lemma act_word_as_eq:
  "as_eq S opS v v' \<Longrightarrow> v \<in> as_words S \<Longrightarrow> v' \<in> as_words S \<Longrightarrow> r \<in> R \<Longrightarrow> act_word r v = act_word r v'"
proof (induction arbitrary: r rule: as_eq.induct)
  case (as_sym u w) thus ?case by simp
next
  case (as_trans u v w)
  \<comment> \<open>the middle word is a word over S only because S is closed under opS\<close>
  thus ?case using as_eq_words_iff[OF rack_S as_trans.hyps(1)] by simp
next
  case (as_cong u w a b)
  thus ?case by (simp add: act_word_append act_word_closed)
next
  case (as_inv1 x) thus ?case by (simp add: act_inv_act)
next
  case (as_inv2 x) thus ?case by (simp add: act_act_inv)
next
  case (as_rel x y)
  thus ?case by (simp add: act_act act_inv_closed act_act_inv)
qed simp

definition As_action :: "('r \<times> bool) list set \<Rightarrow> ('s \<times> bool) list set \<Rightarrow> ('r \<times> bool) list set" where
  "As_action m n = As_map R opR R opR (\<lambda>x. act_word x (SOME v. v \<in> n)) m"

lemma As_action_class:
  assumes "m \<in> carrier (As R opR)" "v \<in> as_words S"
  shows "As_action m (as_class S opS v) = As_map R opR R opR (\<lambda>x. act_word x v) m"
proof -
  define v' where "v' = (SOME v'. v' \<in> as_class S opS v)"
  have v': "v' \<in> as_words S" "as_eq S opS v v'"
    using some_in_as_class[OF assms(2)] by (auto simp: v'_def)
  have "\<And>x. x \<in> R \<Longrightarrow> act_word x v' = act_word x v"
    using act_word_as_eq[OF as_sym[OF v'(2)] v'(1) assms(2)] .
  thus ?thesis
    unfolding As_action_def v'_def[symmetric]
    using assms by (intro As_map_cong) (simp_all add: rack_morphism_act_word v')
qed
═══
Work request >>
All of the data, from the first line to the last, should be written out exactly.

Response >>
lemma act_word_as_eq:
  "as_eq S opS v v' \<Longrightarrow> v \<in> as_words S \<Longrightarrow> v' \<in> as_words S \<Longrightarrow> r \<in> R \<Longrightarrow> act_word r v = act_word r v'"
proof (induction arbitrary: r rule: as_eq.induct)
  case (as_sym u w) thus ?case by simp
next
  case (as_trans u v w)
  \<comment> \<open>the middle word is a word over S only because S is closed under opS\<close>
  thus ?case using as_eq_words_iff[OF rack_S as_trans.hyps(1)] by simp
next
  case (as_cong u w a b)
  thus ?case by (simp add: act_word_append act_word_closed)
next
  case (as_inv1 x) thus ?case by (simp add: act_inv_act)
next
  case (as_inv2 x) thus ?case by (simp add: act_act_inv)
next
  case (as_rel x y)
  thus ?case by (simp add: act_act act_inv_closed act_act_inv)
qed simp

definition As_action :: "('r \<times> bool) list set \<Rightarrow> ('s \<times> bool) list set \<Rightarrow> ('r \<times> bool) list set" where
  "As_action m n = As_map R opR R opR (\<lambda>x. act_word x (SOME v. v \<in> n)) m"

lemma As_action_class:
  assumes "m \<in> carrier (As R opR)" "v \<in> as_words S"
  shows "As_action m (as_class S opS v) = As_map R opR R opR (\<lambda>x. act_word x v) m"
proof -
  define v' where "v' = (SOME v'. v' \<in> as_class S opS v)"
  have v': "v' \<in> as_words S" "as_eq S opS v v'"
    using some_in_as_class[OF assms(2)] by (auto simp: v'_def)
  have "\<And>x. x \<in> R \<Longrightarrow> act_word x v' = act_word x v"
    using act_word_as_eq[OF as_sym[OF v'(2)] v'(1) assms(2)] .
  thus ?thesis
    unfolding As_action_def v'_def[symmetric]
    using assms by (intro As_map_cong) (simp_all add: rack_morphism_act_word v')
qed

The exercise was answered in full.